Dear Editor-in-ChiefIn professional soccer, the high rate of recurrence after a hamstring strain forces therapists to reflect about the most appropriate interventions in order to prevent subsequent occurrence of the same injury. In this context, the return-to-play (RTP) decision represents a key point. Even if there is little original RTP research, some authors proposed guidelines or suggestions to help clinicians to make an informed decision as to whether an injured athlete may safely return to practice and/or competition (Matheson et al., 2011; Herring et al., 2012). For example, a recent model developed by Creighton could clarify the processes that clinicians have to apply when making their decisions (Creighton et al., 2010).
The aim of this study was to analyse how clinicians decide, in their daily practice, when a hamstring injured professional soccer player is fully able to get back to competitive soccer activities.
In collaboration with the French and the Belgian Soccer Associations, 37 sports medicine physicians from French (League 1 and 2) and Belgian (1st division) male professional soccer clubs filled in a questionnaire. Physicians were asked to rank a list of RTP criteria after Hamstring Strain (HS) according to their actual daily medical practice and, for some criteria, to answer to detailed questions.
As represented in Table 1, a complete pain relief was considered as the most important criterion, presumably because pain would indicate incomplete healing. This strict rule of “no pain” is, in most cases, recommended by RTP experts, whatever the type of lesion (Kvist, 2004).
Muscle strength performance assessment was also considered as an essential RTP criterion. This result is not surprising, as it is proven that a muscle strength abnormality increases HS recurrence (Croisier et al., 2008). However, the way to highlight a muscular abnormality appears sometimes very different among professional soccer clubs physicians: as represented in Figure 1, there is a lack of consensus about the choice of the assessment device (isokinetics or other), the elements taken in consideration for determining that muscle strength is sufficient and the limits of strength differences between injured and uninjured sides.
The subjective feeling reported by the player seemed important for the questioned physicians (third criterion in the ranking). Indeed, apprehension, fear and anxiety are associated with a higher risk of re-injury in addition to negative effects on performance (Glazer, 2009) and some authors insist on the importance of a conversation with the athlete about his mental readiness and confidence (fear of failure, fear of further injury) to return to play safely (Clover and Wall, 2010).
Hamstring muscle flexibility represented the fourth most important RTP criterion. Even if the relationship between a lack of flexibility and an increased risk of muscle injury remains unclear, some recent studies tended to establish a positive correlation between these two parameters. In a soccer players’ population, Witvrouw et al. (2003) demonstrated an association between a poor hamstring flexibility and the risk of developing a lesion on that muscle group.

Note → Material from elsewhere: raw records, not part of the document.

(* Let $f:\mathbb{R}^\ell\times\mathbb{R}^m\to\mathbb{R}^\ell$ be $C^1$, let $\Lambda$ be a parameter shift with limits $\lambda_\pm$, and let $X$ define a stable path with endpoints $X_\pm$. For $r>0$ let $\{x_n^r\}_{n\in\mathbb{Z}}$ be the unique solution of $x_{n+1}=f(x_n,\Lambda(rn))$ with $\lim_{n\to-\infty}x_n^r=X_-$. Then there exists $r_0>0$ such that for every $r\in(0,r_0)$, $\lim_{n\to\infty}x_n^r=X_+$.
   Context: A parameter shift is a $C^1$ function $\Lambda:\mathbb{R}\to\mathbb{R}^m$ with $\lim_{s\to\pm\infty}\Lambda(s)=\lambda_\pm$ and $\lim_{s\to\pm\infty}\Lambda'(s)=0$. A stable path is given by $X:\mathbb{R}\to\mathbb{R}^\ell$ such that: $X(s)$ is a fixed point of $f(\cdot,\Lambda(s))$ for every $s$; $\{(s,X(s))\}$ is a connected curve; the limits $X_\pm=\lim_{s\to\pm\infty}X(s)$ exist and are fixed points of $f(\cdot,\lambda_\pm)$; and the spectral radius of $D_xf(X(s),\Lambda(s))$ is $<1$ for all $s\in\mathbb{R}\cup\{\pm\infty\}$ (with $X(\pm\infty)=X_\pm$, $\Lambda(\pm\infty)=\lambda_\pm$). It is known that for each $r>0$ there is a unique solution with $x_n^r\to X_-$ as $n\to-\infty$. *)

theory Defs
  imports "HOL-Analysis.Analysis"
begin

definition C1_map :: "('a::euclidean_space \<Rightarrow> 'b::euclidean_space) \<Rightarrow> bool" where
  "C1_map g \<longleftrightarrow> (\<exists>g' :: 'a \<Rightarrow> ('a \<Rightarrow>\<^sub>L 'b).
      (\<forall>z. (g has_derivative blinfun_apply (g' z)) (at z)) \<and> continuous_on UNIV g')"

definition spec_radius :: "real^'n^'n \<Rightarrow> real" where
  "spec_radius A = Max {cmod z | z. det (mat z - (\<chi> i j. complex_of_real (A $ i $ j))) = 0}"

definition Dx :: "((real^'l) \<times> (real^'m) \<Rightarrow> real^'l) \<Rightarrow> real^'l \<Rightarrow> real^'m \<Rightarrow> real^'l^'l" where
  "Dx f x lam = matrix (frechet_derivative (\<lambda>y. f (y, lam)) (at x))"

definition parameter_shift :: "(real \<Rightarrow> real^'m) \<Rightarrow> real^'m \<Rightarrow> real^'m \<Rightarrow> bool" where
  "parameter_shift \<Lambda> lm lp \<longleftrightarrow>
     (\<exists>\<Lambda>'. (\<forall>s. (\<Lambda> has_vector_derivative \<Lambda>' s) (at s)) \<and> continuous_on UNIV \<Lambda>' \<and>
        (\<Lambda> \<longlongrightarrow> lm) at_bot \<and> (\<Lambda> \<longlongrightarrow> lp) at_top \<and>
        (\<Lambda>' \<longlongrightarrow> 0) at_bot \<and> (\<Lambda>' \<longlongrightarrow> 0) at_top)"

In conclusion, we observed that nearly 80% of the questioned physicians used at least seven criteria to assess player’s ability to return to full sport. For some of these, notably muscle strength assessment, it appears that there is a lack of consensus about the choice of the assessment parameters and the limit values allowing doctors to authorize or forbid RTP. Even if the scientific evidence about this topic is not sufficient at the moment, some lines of thinking have been proposed, and their implementations are now possible. An effort could particularly be realized for applying, in actual medicine practice the elements which have been scientifically demonstrated to lower re-injury rate.